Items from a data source
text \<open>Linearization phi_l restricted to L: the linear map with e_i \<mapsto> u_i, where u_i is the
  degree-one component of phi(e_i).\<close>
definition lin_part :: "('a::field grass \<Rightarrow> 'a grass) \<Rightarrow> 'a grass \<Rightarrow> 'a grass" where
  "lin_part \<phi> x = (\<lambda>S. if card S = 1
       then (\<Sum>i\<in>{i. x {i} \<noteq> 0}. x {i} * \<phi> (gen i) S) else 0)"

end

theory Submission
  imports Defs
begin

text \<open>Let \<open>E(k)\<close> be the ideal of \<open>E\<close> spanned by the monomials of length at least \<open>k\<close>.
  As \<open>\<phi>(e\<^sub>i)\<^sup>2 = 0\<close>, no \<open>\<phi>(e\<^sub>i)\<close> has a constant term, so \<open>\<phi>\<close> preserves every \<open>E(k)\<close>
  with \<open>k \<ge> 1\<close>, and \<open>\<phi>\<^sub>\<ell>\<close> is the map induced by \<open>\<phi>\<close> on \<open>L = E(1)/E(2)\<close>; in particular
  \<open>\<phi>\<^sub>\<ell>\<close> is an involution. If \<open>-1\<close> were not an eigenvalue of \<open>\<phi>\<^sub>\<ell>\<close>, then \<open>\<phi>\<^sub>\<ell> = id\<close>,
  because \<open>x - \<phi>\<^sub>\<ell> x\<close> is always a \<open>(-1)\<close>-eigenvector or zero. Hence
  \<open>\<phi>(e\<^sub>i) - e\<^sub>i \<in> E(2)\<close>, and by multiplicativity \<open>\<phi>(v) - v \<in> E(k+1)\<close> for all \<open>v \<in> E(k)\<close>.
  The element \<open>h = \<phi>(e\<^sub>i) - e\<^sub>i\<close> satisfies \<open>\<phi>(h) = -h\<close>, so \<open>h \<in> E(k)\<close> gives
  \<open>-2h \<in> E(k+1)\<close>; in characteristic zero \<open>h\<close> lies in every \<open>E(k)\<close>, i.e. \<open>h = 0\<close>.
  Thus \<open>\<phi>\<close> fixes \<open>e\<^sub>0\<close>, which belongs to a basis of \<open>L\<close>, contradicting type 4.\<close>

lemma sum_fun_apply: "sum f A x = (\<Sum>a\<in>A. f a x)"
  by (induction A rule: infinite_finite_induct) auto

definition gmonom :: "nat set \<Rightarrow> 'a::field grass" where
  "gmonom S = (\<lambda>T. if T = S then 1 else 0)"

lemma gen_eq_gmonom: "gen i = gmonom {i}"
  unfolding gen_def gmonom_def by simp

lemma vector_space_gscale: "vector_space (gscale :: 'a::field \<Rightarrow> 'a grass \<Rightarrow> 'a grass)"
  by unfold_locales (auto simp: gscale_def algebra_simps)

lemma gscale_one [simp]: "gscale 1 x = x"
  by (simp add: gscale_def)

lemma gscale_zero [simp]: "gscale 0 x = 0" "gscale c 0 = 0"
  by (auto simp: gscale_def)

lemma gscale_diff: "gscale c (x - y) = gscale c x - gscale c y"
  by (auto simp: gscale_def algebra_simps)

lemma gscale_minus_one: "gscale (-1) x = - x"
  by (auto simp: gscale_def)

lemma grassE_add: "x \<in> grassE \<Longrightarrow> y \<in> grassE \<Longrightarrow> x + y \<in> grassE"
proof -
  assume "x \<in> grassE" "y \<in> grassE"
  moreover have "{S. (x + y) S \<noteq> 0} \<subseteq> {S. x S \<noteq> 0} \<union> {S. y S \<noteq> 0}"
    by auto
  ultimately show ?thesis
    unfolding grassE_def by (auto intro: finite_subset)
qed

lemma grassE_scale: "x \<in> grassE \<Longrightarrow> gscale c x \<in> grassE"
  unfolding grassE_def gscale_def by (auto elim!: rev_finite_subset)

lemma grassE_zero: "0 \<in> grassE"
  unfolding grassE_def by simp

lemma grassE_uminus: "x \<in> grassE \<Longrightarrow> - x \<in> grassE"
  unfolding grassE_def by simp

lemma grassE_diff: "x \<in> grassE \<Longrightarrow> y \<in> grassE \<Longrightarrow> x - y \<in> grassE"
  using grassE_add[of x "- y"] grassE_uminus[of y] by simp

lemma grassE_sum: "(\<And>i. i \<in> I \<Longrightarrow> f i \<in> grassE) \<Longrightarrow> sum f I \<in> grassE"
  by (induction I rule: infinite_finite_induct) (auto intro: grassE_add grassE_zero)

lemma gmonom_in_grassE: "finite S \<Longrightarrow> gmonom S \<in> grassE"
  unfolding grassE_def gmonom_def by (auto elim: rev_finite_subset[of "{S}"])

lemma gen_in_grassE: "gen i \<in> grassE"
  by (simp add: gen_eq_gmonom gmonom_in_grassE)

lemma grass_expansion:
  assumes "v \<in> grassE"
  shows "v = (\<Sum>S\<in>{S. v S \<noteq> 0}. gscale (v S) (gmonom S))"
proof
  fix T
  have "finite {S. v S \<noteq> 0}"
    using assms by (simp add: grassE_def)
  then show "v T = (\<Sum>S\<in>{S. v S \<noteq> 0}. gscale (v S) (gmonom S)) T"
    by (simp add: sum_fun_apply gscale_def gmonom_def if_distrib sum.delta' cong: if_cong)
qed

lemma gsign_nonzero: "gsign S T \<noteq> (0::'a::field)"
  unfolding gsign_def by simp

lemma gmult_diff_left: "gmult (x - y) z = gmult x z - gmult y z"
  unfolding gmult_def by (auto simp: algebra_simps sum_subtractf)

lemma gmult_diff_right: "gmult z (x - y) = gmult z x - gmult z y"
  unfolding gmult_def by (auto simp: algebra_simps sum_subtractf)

## [How to complete this task]
From the entries above, print the lines beginning at the one with "x = (\<Sum>a\<in>A." and stopping after the one with "by (auto simp: gscale_def algebra_simps)", exactly as written and with nothing else.

## [Result below]
lemma sum_fun_apply: "sum f A x = (\<Sum>a\<in>A. f a x)"
  by (induction A rule: infinite_finite_induct) auto

definition gmonom :: "nat set \<Rightarrow> 'a::field grass" where
  "gmonom S = (\<lambda>T. if T = S then 1 else 0)"

lemma gen_eq_gmonom: "gen i = gmonom {i}"
  unfolding gen_def gmonom_def by simp

lemma vector_space_gscale: "vector_space (gscale :: 'a::field \<Rightarrow> 'a grass \<Rightarrow> 'a grass)"
  by unfold_locales (auto simp: gscale_def algebra_simps)

lemma gscale_one [simp]: "gscale 1 x = x"
  by (simp add: gscale_def)

lemma gscale_zero [simp]: "gscale 0 x = 0" "gscale c 0 = 0"
  by (auto simp: gscale_def)

lemma gscale_diff: "gscale c (x - y) = gscale c x - gscale c y"
  by (auto simp: gscale_def algebra_simps)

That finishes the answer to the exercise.